# 721 problems? Wait, or buy one now?



## Hopper27 (Feb 28, 2003)

Sounds like the 721 has a lot of problems.

Should I wait for 1.10 to come out, or just order one now?

I've got a single 501 box now, but I really want those dual timers! The extra recording space would be nice as well, but it is the dual timers that I'm most interested in. Too many things come on at the same time! 

I'm just concerned about the problems, because my 501 box seems to run just fine. If the reports here are the exception, fine. If there is really a lot of problems however, then I'll wait.

Jason


----------



## Scott Greczkowski (Mar 21, 2002)

I would not say that the 721 has a lot of problems.

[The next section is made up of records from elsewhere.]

(* Let $k>0$ be sufficiently large, let $f_k:\mathbb T^2\to\mathbb T^2$ be the standard map, and for $z\in\mathbb T^2$ let $e^{(1)}(z)$ (resp. $e^{(-1)}(z)$) be the most contracted direction of $Df_k(z)$ (resp. of $D(f_k^{-1})(z)$). Then the set $$\mathcal C^{(1)}=\{z\in\mathbb T^2:\ e^{(1)}(z)\text{ and } e^{(-1)}(z)\text{ span the same line}\}$$ of tangencies between the foliations $\mathcal E^{(1)}$ and $\mathcal E^{(-1)}$ consists of two smooth curves, contained in $$\hat\Delta_T=\{(x,y): y\in[\hat\delta^-_T,\hat\delta^+_T]\cup[1-\hat\delta^+_T,1-\hat\delta^-_T]\},$$ and, in the coordinates $(\tilde y,y)$ with $\tilde y=y-x \bmod 1$, $\mathcal C^{(1)}$ is the graph $\{(\tilde y,y): y\in\Gamma(\tilde y)\}$ of the multivalued function $\Gamma$ defined below.
   Context: The standard map with parameter $k>0$ is $f_k(x,y)=(x+k\sin(2\pi y),\,x+y+k\sin(2\pi y)) \bmod 1$ on $\mathbb T^2=\mathbb R^2/\mathbb Z^2$; its inverse is $f_k^{-1}(x,y)=(x-k\sin 2\pi(y-x),\,y-x)\bmod 1$. For an invertible linear map $A$ of $\mathbb R^2$ with $\min_{\|v\|=1}\|Av\|<\max_{\|v\|=1}\|Av\|$, the most contracted direction is the line spanned by a unit vector $v$ minimizing $\|Av\|$ (the most expanded direction is the one maximizing it). The foliations $\mathcal E^{(1)}$, $\mathcal E^{(-1)}$ are the integral curves of the direction fields $e^{(1)}$, $e^{(-1)}$. Inverse trigonometric functions take values $\cos^{-1}:[-1,1]\to[0,\pi]$, $\tan^{-1}:\mathbb R\to[-\pi/2,\pi/2]$. Constants: $\delta^*=\frac1{2\pi}\cos^{-1}\!\left(-\frac{1}{4\pi k}\right)$, $\delta^{\pm}=\frac1{2\pi}\cos^{-1}\!\left(-\frac{1\pm\sqrt3}{4\pi k}\right)$, $\hat\delta^-_T=\frac1{2\pi}\cos^{-1}\!\left(-\frac{1+\sqrt3/3}{4\pi k}\right)$, $\hat\delta^+_T=\frac1{2\pi}\cos^{-1}\!\left(-\frac{1+3\sqrt3}{4\pi k}\right)$ (for large $k$ these satisfy $\delta^-<1/4<\delta^*<\hat\delta^-_T<\delta^+<\hat\delta^+_T$). For $\tilde y\in[0,1)$ let $\tilde\psi_c(\tilde y)=2\pi k\cos(2\pi\tilde y)$ and $\tilde\varphi(\tilde y)=-\frac{2(\tilde\psi_c^2+\tilde\psi_c+1)}{1+2\tilde\psi_c}$. Let $\Phi(\tilde y)$ be the set of $y\in[0,1)$ with $2\pi k\cos(2\pi y)=\frac{-(\tilde\varphi+2)\pm\sqrt{3\tilde\varphi^2+4}}{2\tilde\varphi}$, $\tilde\varphi=\tilde\varphi(\tilde y)$ (either sign), i.e. $y=\frac1{2\pi}\cos^{-1}\frac{-(\tilde\varphi+2)\pm\sqrt{3\tilde\varphi^2+4}}{4\pi k\tilde\varphi}$ or $1$ minus such a value. Define $\Gamma(\tilde y)=\Phi(\tilde y)\cap\big([\delta^-,\delta^+]\cup[1-\delta^+,1-\delta^-]\big)$ if $\tilde y\in[0,\delta^*]\cup[1-\delta^*,1]$, and $\Gamma(\tilde y)=\Phi(\tilde y)\cap[\delta^+,1-\delta^+]$ if $\tilde y\in[\delta^*,1-\delta^*]$. *)

theory Defs
  imports "HOL-Analysis.Analysis"
begin

(* Points of the torus T^2 = R^2/Z^2 are represented by their unique representative
   in [0,1) x [0,1); tangent vectors are elements of real x real (Euclidean norm). *)

definition torus_rep :: "(real \<times> real) set" where
  "torus_rep = {0..<1} \<times> {0..<1}"

definition torus_proj :: "real \<times> real \<Rightarrow> real \<times> real" where
  "torus_proj z = (frac (fst z), frac (snd z))"

(* Lifts to R^2 of the standard map f_k and of its inverse (their derivatives are Df_k, D(f_k^-1)). *)
definition std_map_lift :: "real \<Rightarrow> real \<times> real \<Rightarrow> real \<times> real" where
  "std_map_lift k z = (let x = fst z; y = snd z in
      (x + k * sin (2 * pi * y), x + y + k * sin (2 * pi * y)))"

definition std_map_inv_lift :: "real \<Rightarrow> real \<times> real \<Rightarrow> real \<times> real" where
  "std_map_inv_lift k z = (let x = fst z; y = snd z in
      (x - k * sin (2 * pi * (y - x)), y - x))"

definition most_contracted_line :: "(real \<times> real \<Rightarrow> real \<times> real) \<Rightarrow> (real \<times> real) set \<Rightarrow> bool" where
  "most_contracted_line A L \<longleftrightarrow>
     (\<exists>v. norm v = 1 \<and> (\<forall>w. norm w = 1 \<longrightarrow> norm (A v) \<le> norm (A w)) \<and> L = span {v})"
lemma eventually_esd_tail_less:
  fixes X :: "'a \<Rightarrow> nat \<Rightarrow> nat \<Rightarrow> complex"
  assumes P: "prob_space P"
    and meas: "\<And>i j. i < n \<Longrightarrow> j < n \<Longrightarrow> (\<lambda>\<omega>. X \<omega> i j) \<in> borel_measurable P"
    and herm: "\<And>\<omega>. \<omega> \<in> space P \<Longrightarrow> hermitian_fun n (X \<omega>)"
    and n: "n \<ge> 1" and \<epsilon>: "\<epsilon> > 0"
  shows "eventually (\<lambda>K.
    (\<integral>\<omega>. esd n (sqrt_scaled n (X \<omega>)) {x. \<bar>x\<bar> > K} \<partial>P) < \<epsilon>) at_top"
proof -
  interpret prob_space P by (rule P)
  let ?F = "\<lambda>\<omega>. frobenius_norm_sq n (X \<omega>) / real n ^ 2"
  have "(\<lambda>\<omega>. frobenius_norm_sq n (X \<omega>)) \<in> borel_measurable P"
    using meas by (rule borel_measurable_frobenius_norm_sq)
  then have "((\<lambda>c. prob {\<omega>\<in>space P. c < ?F \<omega>}) \<longlongrightarrow> 0) at_top"
    by (intro prob_gt_tendsto_0 borel_measurable_divide) auto
  then have "eventually (\<lambda>c. c \<ge> 0 \<and> prob {\<omega>\<in>space P. c < ?F \<omega>} < \<epsilon> / 2) at_top"
    using \<epsilon> by (intro eventually_conj eventually_ge_at_top order_tendstoD(2)) auto
  then obtain c where "c \<ge> 0" and c: "prob {\<omega>\<in>space P. c < ?F \<omega>} < \<epsilon> / 2"
    using eventually_happens'[OF trivial_limit_at_top_linorder] by blast
  show ?thesis
    using eventually_div_sq_less[OF half_gt_zero[OF \<epsilon>], of c]
  proof eventually_elim
    case (elim K)
    then have "(\<integral>\<omega>. esd n (sqrt_scaled n (X \<omega>)) {x. \<bar>x\<bar> > K} \<partial>P)
        \<le> prob {\<omega>\<in>space P. c < ?F \<omega>} + c / K^2"
      using \<open>c \<ge> 0\<close> by (intro esd_tail_integral_le[OF P meas herm n]) auto
    with c elim show ?case
      by linarith
  qed
qed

The worst problem I can think of is that sometimes when doing FF or Rew the sound is out of sync or stutters.

This problem is indeed fixed in the upcoming L1.10 software.

Now the Dishplayer that has a lot of problems. 

Anyone else have any comments?


----------



## mattmcg (Dec 12, 2002)

Go ahead and get one if you're ready. I don't think the 721 has any problems that should sway you away from one. And as patches and improvements are created, the 721 will benefit through the software downloads.


----------



## Hopper27 (Feb 28, 2003)

> _Originally posted by mattmcg _
> *Go ahead and get one if you're ready. I don't think the 721 has any problems that should sway you away from one. And as patches and improvements are created, the 721 will benefit through the software downloads. *


Oh great, just make me feel like I'm buying Microsoft software! :shrug:

What? It doesn't work? Don't worry, we'll patch it! 

Jason


----------



## Chris Blount (Jun 22, 2001)

I have a 501 and needed a 721 for the back room (the 501 will eventually get switched out by a 921  ). While my 501 runs pretty smoothly, the 721 has had few glitches (such as rebooting). BUT, problems with the 721 are few and far between. I really like the 721. The menu system is snappy and the dual tuners are great. I highly recommend just getting one now. I don't think you will be disappointed.


----------



## Hopper27 (Feb 28, 2003)

Thanks everyone for the advice. 

Now I just gotta find a cheap place to order one on-line from. Suggestions?

Another question... Do I indeed have to run two wires from my Dish 500 to the back of the 721?

Jason


----------



## Chris Blount (Jun 22, 2001)

Well, as you may know, many people here have been very pleased with http://www.dishdepot.com . Shipping is free and prices are good. Be sure to let em know we sent you. 

Yes, you will need 2 wires from your Dish 500 for the 721.


----------



## John Corn (Mar 21, 2002)

I would recommend a 721, mine been good to me.

Yes, it reguires 2 feeds from the dish.


----------



## Hopper27 (Feb 28, 2003)

> _Originally posted by Chris Blount _
> *Well, as you may know, many people here have been very pleased with http://www.dishdepot.com . Shipping is free and prices are good. Be sure to let em know we sent you. *


*
Yea, yea... Just suck up to your biggest advertiser why don't ya! 

j/k

Yea, I saw them, but I wanted to know if there was anyone else worth buying from.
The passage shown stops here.